На самом деле Жан-Жака настораживала та холодность, с которой было принято посвящение женевскому Совету его второго
Случай помог ему найти решение. В Шеврете у мадам д’Эпине, в глубине парка рядом с лесом Монморанси, был недавно обновленный домик, названный Эрмитажем[24]
. Приятельница любезно предложила его в качестве убежища Жан-Жаку: «Вы его выбрали, медведь мой, а моя дружба вам его дарит». Ее жест растрогал его, а само место он нашел чудесным: природа, покой, одиночество. И не надо ехать в Женеву, чтобы бежать из Парижа. «Сколько занятий дарит одиночество, — писал он мадам д’Эпине, — и еще возможность не видеть никого, кроме Вас». Она тоже радовалась этому. Впрочем, они едва не поссорились: возможно, потому, что мадам д’Эпине предложила ему некоторую денежную помощь. Жан-Жак тут же воспротивился: «Я никогда не боялся, что у меня не будет хлеба, а если бы такое случилось — я справлюсь и с этим… Я не продаюсь». Он согласен быть другом жены генерального откупщика, но не ее должником, потому что дружба и принятие помощи в его глазах несовместимы.Это удаление от света стало венцом его «реформы», окончательным отказом от приспособленчества.
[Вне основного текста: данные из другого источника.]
lemma nbr_indices_swap_at:
  assumes "Suc i < k" "k \<le> length \<sigma>" and "{\<sigma> ! i, w} \<notin> E \<or> {\<sigma> ! Suc i, w} \<notin> E"
  shows "nbr_indices E (swap_at i \<sigma>) k w = map (transpose i (Suc i)) (nbr_indices E \<sigma> k w)"
proof (rule strict_sorted_equal)
  let ?t = "transpose i (Suc i)"
  show "sorted_wrt (<) (nbr_indices E (swap_at i \<sigma>) k w)"
    by (simp add: nbr_indices_def sorted_wrt_filter)
  have "sorted_wrt (\<lambda>u v. ?t u < ?t v) (nbr_indices E \<sigma> k w)"
    by (rule sorted_wrt_mono_rel[of _ "(<)"])
      (use assms in \<open>auto simp: set_nbr_indices transpose_def nbr_indices_def sorted_wrt_filter\<close>)
  then show "sorted_wrt (<) (map ?t (nbr_indices E \<sigma> k w))"
    by (simp add: sorted_wrt_map)
  show "set (nbr_indices E (swap_at i \<sigma>) k w) = set (map ?t (nbr_indices E \<sigma> k w))"
  proof (rule set_eqI)
    fix j
    have "j \<in> set (map ?t (nbr_indices E \<sigma> k w)) \<longleftrightarrow> ?t j < k \<and> {\<sigma> ! ?t j, w} \<in> E"
      by (simp only: set_map in_transpose_image_iff set_nbr_indices mem_Collect_eq)
    also have "\<dots> \<longleftrightarrow> j < k \<and> {swap_at i \<sigma> ! j, w} \<in> E"
      using assms(1,2) by (auto simp: nth_swap_at transpose_def)
    finally show "j \<in> set (nbr_indices E (swap_at i \<sigma>) k w) \<longleftrightarrow> j \<in> set (map ?t (nbr_indices E \<sigma> k w))"
      by (simp add: set_nbr_indices)
  qed
qed

lemma dfs_label_unvisited:
  "w \<notin> set (take k \<sigma>) \<Longrightarrow>
   dfs_label E s \<sigma> k w = map Suc (rev (nbr_indices E \<sigma> k w)) @ (if w = s then [0] else [])"
  by (induction k) (auto dest: not_in_take_SucD)

lemma bfs_label_unvisited:
  "w \<notin> set (take k \<sigma>) \<Longrightarrow>
   bfs_label n E s \<sigma> k w = (if w = s then [n] else []) @ map (\<lambda>i. n - Suc i) (nbr_indices E \<sigma> k w)"
  by (induction k) (auto dest: not_in_take_SucD)

text \<open>Comparing two labels only depends on the relative order of the visited neighbours.\<close>

lemma search_label_reindex_less_iff:
  assumes k: "k \<le> card V"
    and unvisited: "w1 \<notin> set (take k \<sigma>)" "w2 \<notin> set (take k \<sigma>)"
      "w1 \<notin> set (take k \<tau>)" "w2 \<notin> set (take k \<tau>)" "w1 \<noteq> s" "w2 \<noteq> s"
    and reindex: "nbr_indices E \<tau> k w1 = map t (nbr_indices E \<sigma> k w1)"
      "nbr_indices E \<tau> k w2 = map t (nbr_indices E \<sigma> k w2)"
    and mono: "\<forall>u\<in>set (nbr_indices E \<sigma> k w1) \<union> set (nbr_indices E \<sigma> k w2).
      \<forall>v\<in>set (nbr_indices E \<sigma> k w1) \<union> set (nbr_indices E \<sigma> k w2). t u < t v \<longleftrightarrow> u < v"
  shows "search_label P V E s \<tau> k w1 < search_label P V E s \<tau> k w2 \<longleftrightarrow>
         search_label P V E s \<sigma> k w1 < search_label P V E s \<sigma> k w2"
proof -
  define X1 X2 where "X1 = nbr_indices E \<sigma> k w1" and "X2 = nbr_indices E \<sigma> k w2"
  have "set (map t X1) \<union> set (map t X2) \<subseteq> {..<k}" "set X1 \<union> set X2 \<subseteq> {..<k}"
    unfolding X1_def X2_def reindex[symmetric] by (auto simp: set_nbr_indices)
  then have bounded: "u < k" "t u < k" if "u \<in> set X1 \<union> set X2" for u
    using that by auto
  have dfs: "map Suc (rev (map t X1)) < map Suc (rev (map t X2)) \<longleftrightarrow>
             map Suc (rev X1) < map Suc (rev X2)"
    unfolding rev_map map_map
    by (rule map_less_map_iff) (use mono in \<open>auto simp: X1_def X2_def\<close>)
  have bfs: "map (\<lambda>i. card V - Suc i) (map t X1) < map (\<lambda>i. card V - Suc i) (map t X2) \<longleftrightarrow>
             map (\<lambda>i. card V - Suc i) X1 < map (\<lambda>i. card V - Suc i) X2"
    unfolding map_map
  proof (rule map_less_map_iff, intro ballI)
    fix u v assume "u \<in> set X1 \<union> set X2" "v \<in> set X1 \<union> set X2"
    moreover from this have "t v < t u \<longleftrightarrow> v < u"
      using mono by (auto simp: X1_def X2_def)
    ultimately show "((\<lambda>i. card V - Suc i) \<circ> t) u < ((\<lambda>i. card V - Suc i) \<circ> t) v \<longleftrightarrow>
                     card V - Suc u < card V - Suc v"
      using bounded k by fastforce
  qed
  show ?thesis
    using dfs bfs unvisited reindex
    by (cases P) (simp_all add: search_label_def dfs_label_unvisited bfs_label_unvisited X1_def X2_def)
qed

lemma search_label_cong_take:
  assumes "take k \<sigma> = take k \<tau>"
  shows "search_label P V E s \<sigma> k w = search_label P V E s \<tau> k w"
proof -
  have "dfs_label E s \<sigma> k w = dfs_label E s \<tau> k w \<and> bfs_label n E s \<sigma> k w = bfs_label n E s \<tau> k w" for n
    using assms by (induction k) (auto dest: take_Suc_eqD)
  then show ?thesis
    by (cases P) (simp_all add: search_label_def)
qed

lemma search_label_Suc_nonadjacent:
  "{\<sigma> ! k, w} \<notin> E \<Longrightarrow> search_label P V E s \<sigma> (Suc k) w = search_label P V E s \<sigma> k w"
  by (cases P) (simp_all add: search_label_def)

lemma ex_lex_max_unvisited:
  fixes P :: search and E :: "'a set set" and s :: 'a
  assumes \<sigma>: "distinct \<sigma>" "set \<sigma> = V" and k: "k < length \<sigma>"
  obtains m where "k \<le> m" "m < length \<sigma>"
    "\<And>w. w \<in> V - set (take k \<sigma>) \<Longrightarrow> search_label P V E s \<sigma> k w \<le> search_label P V E s \<sigma> k (\<sigma> ! m)"
proof -
  let ?U = "V - set (take k \<sigma>)" and ?L = "search_label P V E s \<sigma> k"
  have "\<sigma> ! k \<in> ?U"
    using nth_notin_take[OF \<sigma>(1) order_refl k] nth_mem[OF k] \<sigma>(2) by blast
  moreover have "finite ?U"
    using \<sigma>(2) by auto
  ultimately have "Max (?L ` ?U) \<in> ?L ` ?U"
    by (intro Max_in) auto
  then obtain x where x: "x \<in> ?U" "?L x = Max (?L ` ?U)"
    by (metis imageE)
  obtain m where m: "m < length \<sigma>" "\<sigma> ! m = x"
    using x(1) \<sigma>(2) by (auto simp: in_set_conv_nth)
  have "\<sigma> ! m \<in> set (take k \<sigma>)" if "m < k"
    using that m(1) by (auto simp: in_set_conv_nth intro!: exI[of _ m])
  then have "k \<le> m"
    using x(1) m(2) by (meson DiffD2 not_le)
  moreover have "?L w \<le> ?L (\<sigma> ! m)" if "w \<in> ?U" for w
    using Max_ge[OF finite_imageI[OF \<open>finite ?U\<close>] imageI[OF that]] x(2) m(2) by simp
  ultimately show thesis
    using that m(1) by blast
qed

section \<open>Components of induced subgraphs\<close>

lemma same_comp_refl: "a \<in> U \<Longrightarrow> same_comp E U a a"
  by (simp add: same_comp_def)

lemma same_comp_sym: "same_comp E U a b \<Longrightarrow> same_comp E U b a"
proof -
  have "sym (induced_rel E U)"
    by (auto simp: sym_def induced_rel_def insert_commute)
  then show "same_comp E U a b \<Longrightarrow> same_comp E U b a"
    unfolding same_comp_def by (metis rtrancl_converseI sym_conv_converse_eq)
qed

lemma same_comp_trans: "same_comp E U a b \<Longrightarrow> same_comp E U b c \<Longrightarrow> same_comp E U a c"
  by (auto simp: same_comp_def)

lemma same_comp_edge: "same_comp E U a b \<Longrightarrow> c \<in> U \<Longrightarrow> {b, c} \<in> E \<Longrightarrow> same_comp E U a c"
  unfolding same_comp_def induced_rel_def by (auto intro: rtrancl_into_rtrancl)

lemma same_comp_mono: "same_comp E U a b \<Longrightarrow> U \<subseteq> U' \<Longrightarrow> same_comp E U' a b"
proof -
  assume "U \<subseteq> U'"
  then have "induced_rel E U \<subseteq> induced_rel E U'"
    by (auto simp: induced_rel_def)
  then show "same_comp E U a b \<Longrightarrow> same_comp E U' a b"
    using \<open>U \<subseteq> U'\<close> unfolding same_comp_def by (meson rtrancl_mono subsetD)
qed

lemma not_same_comp_subset:
  assumes "W \<subseteq> U" "same_comp E U x b" "\<not> same_comp E U x a"
  shows "\<not> same_comp E W a b"
proof
  assume "same_comp E W a b"
  then have "same_comp E U b a"
    using assms(1) by (rule same_comp_sym[OF same_comp_mono])
  with assms(2) have "same_comp E U x a"
    by (rule same_comp_trans)
  with assms(3) show False
    by contradiction
qed

lemma same_comp_Diff:
  assumes "same_comp E U a b" and "\<not> same_comp E U a c"
  shows "same_comp E (U - {c}) a b"
proof -
  have "(a, b) \<in> (induced_rel E U)\<^sup>*"
    using assms(1) by (simp add: same_comp_def)
  then have "(a, b) \<in> (induced_rel E (U - {c}))\<^sup>* \<and> b \<noteq> c"
  proof (induction rule: rtrancl_induct)
    case base
    then show ?case
      using assms same_comp_refl unfolding same_comp_def by blast
  next
    case (step y z)
    then have "z \<noteq> c"
      using assms unfolding same_comp_def induced_rel_def by (auto intro: rtrancl_into_rtrancl)
    then have "(y, z) \<in> induced_rel E (U - {c})"
      using step by (auto simp: induced_rel_def)
    then show ?case
      using step \<open>z \<noteq> c\<close> by (auto intro: rtrancl_into_rtrancl)
  qed
  then show ?thesis
    using assms unfolding same_comp_def by auto
qed

section \<open>Label-maximal steps\<close>

definition lex_max_step :: "search \<Rightarrow> 'a set \<Rightarrow> 'a set set \<Rightarrow> 'a \<Rightarrow> 'a list \<Rightarrow> nat \<Rightarrow> bool" where
  "lex_max_step P V E s \<sigma> k \<longleftrightarrow> (\<forall>w \<in> V - set (take k \<sigma>).
     \<not> search_label P V E s \<sigma> k (\<sigma> ! k) < search_label P V E s \<sigma> k w)"

definition comp_lex_max_step :: "search \<Rightarrow> 'a set \<Rightarrow> 'a set set \<Rightarrow> 'a \<Rightarrow> 'a list \<Rightarrow> nat \<Rightarrow> bool" where
  "comp_lex_max_step P V E s \<sigma> k \<longleftrightarrow> (\<forall>w. same_comp E (V - set (take k \<sigma>)) (\<sigma> ! k) w \<longrightarrow>
     \<not> search_label P V E s \<sigma> k (\<sigma> ! k) < search_label P V E s \<sigma> k w)"

lemma search_order_iff:
  "search_order P V E s \<sigma> \<longleftrightarrow> distinct \<sigma> \<and> set \<sigma> = V \<and>
     (\<forall>k<length \<sigma>. if is_comp_search P then comp_lex_max_step P V E s \<sigma> k
                                          else lex_max_step P V E s \<sigma> k)"
  by (auto simp: search_order_def lex_max_step_def comp_lex_max_step_def lex_less_def list_less_def
      same_comp_def Let_def)

lemma lex_max_step_imp_comp_lex_max_step: "lex_max_step P V E s \<sigma> k \<Longrightarrow> comp_lex_max_step P V E s \<sigma> k"
  by (auto simp: lex_max_step_def comp_lex_max_step_def same_comp_def)

lemma lex_max_step_0: "\<sigma> \<noteq> [] \<Longrightarrow> hd \<sigma> = s \<Longrightarrow> lex_max_step P V E s \<sigma> 0"
  by (cases P) (auto simp: lex_max_step_def search_label_def hd_conv_nth)

lemma lex_max_step_cong_take:
  assumes "take k \<sigma> = take k \<tau>" "j < k"
  shows "lex_max_step P V E s \<sigma> j \<longleftrightarrow> lex_max_step P V E s \<tau> j"
proof -
  have "take j \<sigma> = take j \<tau>" "\<sigma> ! j = \<tau> ! j"
    using take_Suc_eqD[OF take_eq_take_le[OF assms(1)]] assms(2) by simp_all
  moreover from this have "search_label P V E s \<sigma> j = search_label P V E s \<tau> j"
    by (auto intro: search_label_cong_take)
  ultimately show ?thesis
    unfolding lex_max_step_def by simp
qed

lemma comp_lex_max_step_cong_take:
  assumes "take k \<sigma> = take k \<tau>" "j < k"
  shows "comp_lex_max_step P V E s \<sigma> j \<longleftrightarrow> comp_lex_max_step P V E s \<tau> j"
proof -
  have "take j \<sigma> = take j \<tau>" "\<sigma> ! j = \<tau> ! j"
    using take_Suc_eqD[OF take_eq_take_le[OF assms(1)]] assms(2) by simp_all
  moreover from this have "search_label P V E s \<sigma> j = search_label P V E s \<tau> j"
    by (auto intro: search_label_cong_take)
  ultimately show ?thesis
    unfolding comp_lex_max_step_def by simp
qed

section \<open>Swapping consecutive vertices\<close>

lemma L_tree_edges_swap_at_subset:
  assumes i: "Suc i < length \<sigma>"
    and nonadjacent: "{\<sigma> ! i, \<sigma> ! Suc i} \<notin> E"
    and no_common_later_nbr:
      "\<And>p. Suc i < p \<Longrightarrow> p < length \<sigma> \<Longrightarrow> {\<sigma> ! i, \<sigma> ! p} \<notin> E \<or> {\<sigma> ! Suc i, \<sigma> ! p} \<notin> E"
  shows "L_tree_edges E (swap_at i \<sigma>) \<subseteq> L_tree_edges E \<sigma>"
proof
  let ?t = "transpose i (Suc i)" and ?\<tau> = "swap_at i \<sigma>"
  have nth: "?\<tau> ! j = \<sigma> ! ?t j" if "j < length \<sigma>" for j
    using i that by (simp add: nth_swap_at)
  fix e assume "e \<in> L_tree_edges E ?\<tau>"
  then obtain p q where e: "e = {?\<tau> ! p, ?\<tau> ! q}" "p < length \<sigma>" "q < p" "{?\<tau> ! q, ?\<tau> ! p} \<in> E"
    and last: "\<And>k. q < k \<Longrightarrow> k < p \<Longrightarrow> {?\<tau> ! k, ?\<tau> ! p} \<notin> E"
    unfolding L_tree_edges_def by auto
  have edge: "{\<sigma> ! ?t q, \<sigma> ! ?t p} \<in> E"
    using e nth by simp
  have "?t q < ?t p"
    using e(3) edge nonadjacent by (auto simp: transpose_def insert_commute split: if_splits)
  moreover have "?t p < length \<sigma>"
    using i e(2) by (auto simp: transpose_def)
  moreover have "{\<sigma> ! k, \<sigma> ! ?t p} \<notin> E" if k: "?t q < k" "k < ?t p" for k
  proof -
    from k e(3) show ?thesis
    proof (cases rule: transpose_Suc_between_cases)
      case 1
      then show ?thesis
        using last[of "?t k"] nth e(2) by simp
    next
      case 2
      then show ?thesis
        using no_common_later_nbr[of "?t p"] edge k \<open>?t p < length \<sigma>\<close> by auto
    next
      case 3
      then show ?thesis
        using nonadjacent by simp
    qed
  qed
  ultimately show "e \<in> L_tree_edges E \<sigma>"
    unfolding L_tree_edges_def using e nth edge
    by (intro CollectI exI[of _ "?t p"] exI[of _ "?t q"]) (auto simp: insert_commute)
qed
Руссо знаменит — и Руссо уходит: теперь не общество отбрасывает его, а он отбрасывает общество от себя. Жан-Жак взял с собой Терезу и ее мать; папашу же Левассера они оставили в приюте, где тот вскоре и умер.
Друзья были возмущены его решением и до конца не верили, что это серьезно. Однако в серьезности его намерений им пришлось убедиться менее чем через полгода. 9 апреля 1756 года «под громкое улюлюканье гольбаховской компании» скромная мебель Жан-Жака была погружена в повозку откупщика, а его самого мадам д’Эпине посадила в свою карету вместе с Терезой и мамашей Левассер. В тот же день он оказался в своем Эрмитаже.
Наутро он был разбужен пением соловья: «Наконец все мои желания осуществились». Он сразу обошел свои маленькие владения, осмотрел жилище: первый этаж был слегка приподнят над землей, на втором этаже были большие окна, так что просторная квадратная комната была с трех сторон залита светом. И еще сад, лес, луга… Руссо вздыхает от полноты чувств. «Я начал жить только 9 апреля 1756 года», — так он и пишет Мальзербу. Впрочем, появилось и первое сожаление: ему не хватает его друга Дидро. Тот, конечно, обещал навестить его, но Жан-Жак знает своего приятеля — забывчивого и необязательного.
Чтобы упорядочить повседневный строй жизни, Руссо составляет план работы.